Goal of the exercise —
Could every line below be written out exactly as it appears?
Source material: Begin
lemma left_edge_on_Q:
  assumes "y \<in> ne_vertices" "fst y = a" "(a - 1, snd y) \<notin> skew_domain Q P"
  shows "He y \<in> boundary_edges Q"
proof -
  obtain p where p: "p \<in> set P" "a \<le> fst p" "snd y \<le> snd p" "b \<le> snd y"
    using assms(1,2) ne_vertices_iff by auto
  obtain j0 where j0: "j0 < length Q" "fst (Q ! j0) \<le> a - 1" "snd (Q ! j0) \<le> b - 1"
    using Q_point_below_left .
  define jl where "jl = length Q - 1"
  have jl: "jl < length Q"
    unfolding jl_def using Q_nonempty by simp
  have "snd y \<le> snd (Q ! jl)"
    using skew_domain_bounds(2)[of y] assms(1) unfolding ne_vertices_def jl_def by auto
  moreover have "snd (Q ! 0) < snd y"
    using up_left_path_nth_mono[OF Q_path, of 0 j0] j0 p by simp
  ultimately obtain m where m: "Suc m \<le> jl" "snd (Q ! m) = snd y - 1" "Q ! Suc m = (fst (Q ! m), snd y)"
    using up_left_path_crosses_row[OF Q_path jl, of "snd y"] by auto
  have "j0 < Suc m"
    using up_left_path_snd_less_imp_less[OF Q_path j0(1), of "Suc m"] m jl j0 p by simp
  then have "fst (Q ! m) \<le> fst (Q ! j0)"
    using up_left_path_nth_mono[OF Q_path, of j0 m] m jl by simp
  then have left: "fst (Q ! m) \<le> a - 1"
    using j0 by simp
  have "\<not> fst (Q ! m) \<le> a - 2"
  proof
    assume "fst (Q ! m) \<le> a - 2"
    moreover have "Q ! m \<in> set Q"
      using m jl by (intro nth_mem) simp
    ultimately have "\<exists>p\<in>set Q. fst p \<le> a - 1 - 1 \<and> snd p \<le> snd y - 1"
      using m(2) by (intro bexI[of _ "Q ! m"]) auto
    moreover have "\<exists>p\<in>set P. a - 1 \<le> fst p \<and> snd y \<le> snd p"
      using p by (intro bexI[of _ p]) auto
    ultimately have "(a - 1, snd y) \<in> skew_domain Q P"
      unfolding skew_domain_def by blast
    then show False
      using assms(3) by simp
  qed
  then have "qedge Q m = He y"
    unfolding qedge_def cross_edge_def using left m assms(2) by (simp add: prod_eq_iff)
  moreover have "Suc m < length Q"
    using m jl by simp
  ultimately show ?thesis
    unfolding boundary_edges_def by (intro CollectI exI[of _ m]) simp
qed

lemma bottom_edge_ne_vertex:
  assumes "y \<in> ne_vertices"
  shows "Ve y \<in> out_edges ne_vertices \<union> adj_edges (sw_domain Q P (a, b)) \<union> boundary_edges Q"
proof -
  obtain p where p: "p \<in> set P" "fst y \<le> fst p" "snd y \<le> snd p" "a \<le> fst y" "b \<le> snd y"
    using assms ne_vertices_iff by auto
  consider "b < snd y" | "snd y = b" "(fst y, b - 1) \<in> skew_domain Q P" | "snd y = b" "(fst y, b - 1) \<notin> skew_domain Q P"
    using p by fastforce
  then show ?thesis
  proof cases
    case 1
    then have "(fst y, snd y - 1) \<in> ne_vertices"
      unfolding ne_vertices_iff using p by (auto intro!: bexI[of _ p])
    moreover have "Ve y = top_edge (fst y, snd y - 1)"
      by (simp add: top_edge_def)
    ultimately show ?thesis
      unfolding out_edges_def by blast
  next
    case 2
    then have "(fst y, b - 1) \<in> sw_domain Q P (a, b)"
      unfolding sw_domain_def by auto
    then have "Ve y \<in> adj_edges (sw_domain Q P (a, b))"
      unfolding adj_edges_def by (rule UN_I[where a = "(fst y, b - 1)"]) (use 2 in \<open>auto simp: prod_eq_iff\<close>)
    then show ?thesis
      by simp
  next
    case 3
    then show ?thesis
      using bottom_edge_on_Q[OF assms] by simp
  qed
qed

lemma left_edge_ne_vertex:
  assumes "y \<in> ne_vertices"
  shows "He y \<in> out_edges ne_vertices \<union> adj_edges (sw_domain Q P (a, b)) \<union> boundary_edges Q"
proof -
  obtain p where p: "p \<in> set P" "fst y \<le> fst p" "snd y \<le> snd p" "a \<le> fst y" "b \<le> snd y"
    using assms ne_vertices_iff by auto
  consider "a < fst y" | "fst y = a" "(a - 1, snd y) \<in> skew_domain Q P" | "fst y = a" "(a - 1, snd y) \<notin> skew_domain Q P"
    using p by fastforce
  then show ?thesis
  proof cases
    case 1
    then have "(fst y - 1, snd y) \<in> ne_vertices"
      unfolding ne_vertices_iff using p by (auto intro!: bexI[of _ p])
    moreover have "He y = right_edge (fst y - 1, snd y)"
      by (simp add: right_edge_def)
    ultimately show ?thesis
      unfolding out_edges_def by blast
  next
    case 2
    then have "(a - 1, snd y) \<in> sw_domain Q P (a, b)"
      unfolding sw_domain_def by auto
    then have "He y \<in> adj_edges (sw_domain Q P (a, b))"
      unfolding adj_edges_def by (rule UN_I[where a = "(a - 1, snd y)"]) (use 2 in \<open>auto simp: prod_eq_iff\<close>)
    then show ?thesis
      by simp
  next
    case 3
    then show ?thesis
      using left_edge_on_Q[OF assms] by simp
  qed
qed

lemma dom_edges_subset:
  "dom_edges Q P \<subseteq> out_edges ne_vertices \<union> adj_edges (sw_domain Q P (a, b)) \<union> boundary_edges Q"
proof
  fix e
  assume "e \<in> dom_edges Q P"
  then consider "e \<in> adj_edges (sw_domain Q P (a, b))" | "e \<in> adj_edges ne_vertices" | "e \<in> boundary_edges Q"
    unfolding dom_edges_def skew_domain_split(1) adj_edges_def by blast
  then show "e \<in> out_edges ne_vertices \<union> adj_edges (sw_domain Q P (a, b)) \<union> boundary_edges Q"
  proof cases
    case 2
    then obtain y where y: "y \<in> ne_vertices" "e \<in> {Ve y, He y, Ve (fst y, snd y + 1), He (fst y + 1, snd y)}"
      unfolding adj_edges_def by auto
    then show ?thesis
      using bottom_edge_ne_vertex[OF y(1)] left_edge_ne_vertex[OF y(1)]
      unfolding out_edges_def top_edge_def right_edge_def by auto
  qed auto
qed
Source material: End
Your response —
lemma left_edge_on_Q:
  assumes "y \<in> ne_vertices" "fst y = a" "(a - 1, snd y) \<notin> skew_domain Q P"
  shows "He y \<in> boundary_edges Q"
proof -
  obtain p where p: "p \<in> set P" "a \<le> fst p" "snd y \<le> snd p" "b \<le> snd y"
    using assms(1,2) ne_vertices_iff by auto
  obtain j0 where j0: "j0 < length Q" "fst (Q ! j0) \<le> a - 1" "snd (Q ! j0) \<le> b - 1"
    using Q_point_below_left .
  define jl where "jl = length Q - 1"
  have jl: "jl < length Q"
    unfolding jl_def using Q_nonempty by simp
  have "snd y \<le> snd (Q ! jl)"
    using skew_domain_bounds(2)[of y] assms(1) unfolding ne_vertices_def jl_def by auto
  moreover have "snd (Q ! 0) < snd y"
    using up_left_path_nth_mono[OF Q_path, of 0 j0] j0 p by simp
  ultimately obtain m where m: "Suc m \<le> jl" "snd (Q ! m) = snd y - 1" "Q ! Suc m = (fst (Q ! m), snd y)"
    using up_left_path_crosses_row[OF Q_path jl, of "snd y"] by auto
  have "j0 < Suc m"
    using up_left_path_snd_less_imp_less[OF Q_path j0(1), of "Suc m"] m jl j0 p by simp
  then have "fst (Q ! m) \<le> fst (Q ! j0)"
    using up_left_path_nth_mono[OF Q_path, of j0 m] m jl by simp
  then have left: "fst (Q ! m) \<le> a - 1"
    using j0 by simp
  have "\<not> fst (Q ! m) \<le> a - 2"
  proof
    assume "fst (Q ! m) \<le> a - 2"
    moreover have "Q ! m \<in> set Q"
      using m jl by (intro nth_mem) simp
    ultimately have "\<exists>p\<in>set Q. fst p \<le> a - 1 - 1 \<and> snd p \<le> snd y - 1"
      using m(2) by (intro bexI[of _ "Q ! m"]) auto
    moreover have "\<exists>p\<in>set P. a - 1 \<le> fst p \<and> snd y \<le> snd p"
      using p by (intro bexI[of _ p]) auto
    ultimately have "(a - 1, snd y) \<in> skew_domain Q P"
      unfolding skew_domain_def by blast
    then show False
      using assms(3) by simp
  qed
  then have "qedge Q m = He y"
    unfolding qedge_def cross_edge_def using left m assms(2) by (simp add: prod_eq_iff)
  moreover have "Suc m < length Q"
    using m jl by simp
  ultimately show ?thesis
    unfolding boundary_edges_def by (intro CollectI exI[of _ m]) simp
qed

lemma bottom_edge_ne_vertex:
  assumes "y \<in> ne_vertices"
  shows "Ve y \<in> out_edges ne_vertices \<union> adj_edges (sw_domain Q P (a, b)) \<union> boundary_edges Q"
proof -
  obtain p where p: "p \<in> set P" "fst y \<le> fst p" "snd y \<le> snd p" "a \<le> fst y" "b \<le> snd y"
    using assms ne_vertices_iff by auto
  consider "b < snd y" | "snd y = b" "(fst y, b - 1) \<in> skew_domain Q P" | "snd y = b" "(fst y, b - 1) \<notin> skew_domain Q P"
    using p by fastforce
  then show ?thesis
  proof cases
    case 1
    then have "(fst y, snd y - 1) \<in> ne_vertices"
      unfolding ne_vertices_iff using p by (auto intro!: bexI[of _ p])
    moreover have "Ve y = top_edge (fst y, snd y - 1)"
      by (simp add: top_edge_def)
    ultimately show ?thesis
      unfolding out_edges_def by blast
  next
    case 2
    then have "(fst y, b - 1) \<in> sw_domain Q P (a, b)"
      unfolding sw_domain_def by auto
    then have "Ve y \<in> adj_edges (sw_domain Q P (a, b))"
      unfolding adj_edges_def by (rule UN_I[where a = "(fst y, b - 1)"]) (use 2 in \<open>auto simp: prod_eq_iff\<close>)
    then show ?thesis
      by simp
  next
    case 3
    then show ?thesis
      using bottom_edge_on_Q[OF assms] by simp
  qed
qed

lemma left_edge_ne_vertex:
  assumes "y \<in> ne_vertices"
  shows "He y \<in> out_edges ne_vertices \<union> adj_edges (sw_domain Q P (a, b)) \<union> boundary_edges Q"
proof -
  obtain p where p: "p \<in> set P" "fst y \<le> fst p" "snd y \<le> snd p" "a \<le> fst y" "b \<le> snd y"
    using assms ne_vertices_iff by auto
  consider "a < fst y" | "fst y = a" "(a - 1, snd y) \<in> skew_domain Q P" | "fst y = a" "(a - 1, snd y) \<notin> skew_domain Q P"
    using p by fastforce
  then show ?thesis
  proof cases
    case 1
    then have "(fst y - 1, snd y) \<in> ne_vertices"
      unfolding ne_vertices_iff using p by (auto intro!: bexI[of _ p])
    moreover have "He y = right_edge (fst y - 1, snd y)"
      by (simp add: right_edge_def)
    ultimately show ?thesis
      unfolding out_edges_def by blast
  next
    case 2
    then have "(a - 1, snd y) \<in> sw_domain Q P (a, b)"
      unfolding sw_domain_def by auto
    then have "He y \<in> adj_edges (sw_domain Q P (a, b))"
      unfolding adj_edges_def by (rule UN_I[where a = "(a - 1, snd y)"]) (use 2 in \<open>auto simp: prod_eq_iff\<close>)
    then show ?thesis
      by simp
  next
    case 3
    then show ?thesis
      using left_edge_on_Q[OF assms] by simp
  qed
qed

lemma dom_edges_subset:
  "dom_edges Q P \<subseteq> out_edges ne_vertices \<union> adj_edges (sw_domain Q P (a, b)) \<union> boundary_edges Q"
proof
  fix e
  assume "e \<in> dom_edges Q P"
  then consider "e \<in> adj_edges (sw_domain Q P (a, b))" | "e \<in> adj_edges ne_vertices" | "e \<in> boundary_edges Q"
    unfolding dom_edges_def skew_domain_split(1) adj_edges_def by blast
  then show "e \<in> out_edges ne_vertices \<union> adj_edges (sw_domain Q P (a, b)) \<union> boundary_edges Q"
  proof cases
    case 2
    then obtain y where y: "y \<in> ne_vertices" "e \<in> {Ve y, He y, Ve (fst y, snd y + 1), He (fst y + 1, snd y)}"
      unfolding adj_edges_def by auto
    then show ?thesis
      using bottom_edge_ne_vertex[OF y(1)] left_edge_ne_vertex[OF y(1)]
      unfolding out_edges_def top_edge_def right_edge_def by auto
  qed auto
qed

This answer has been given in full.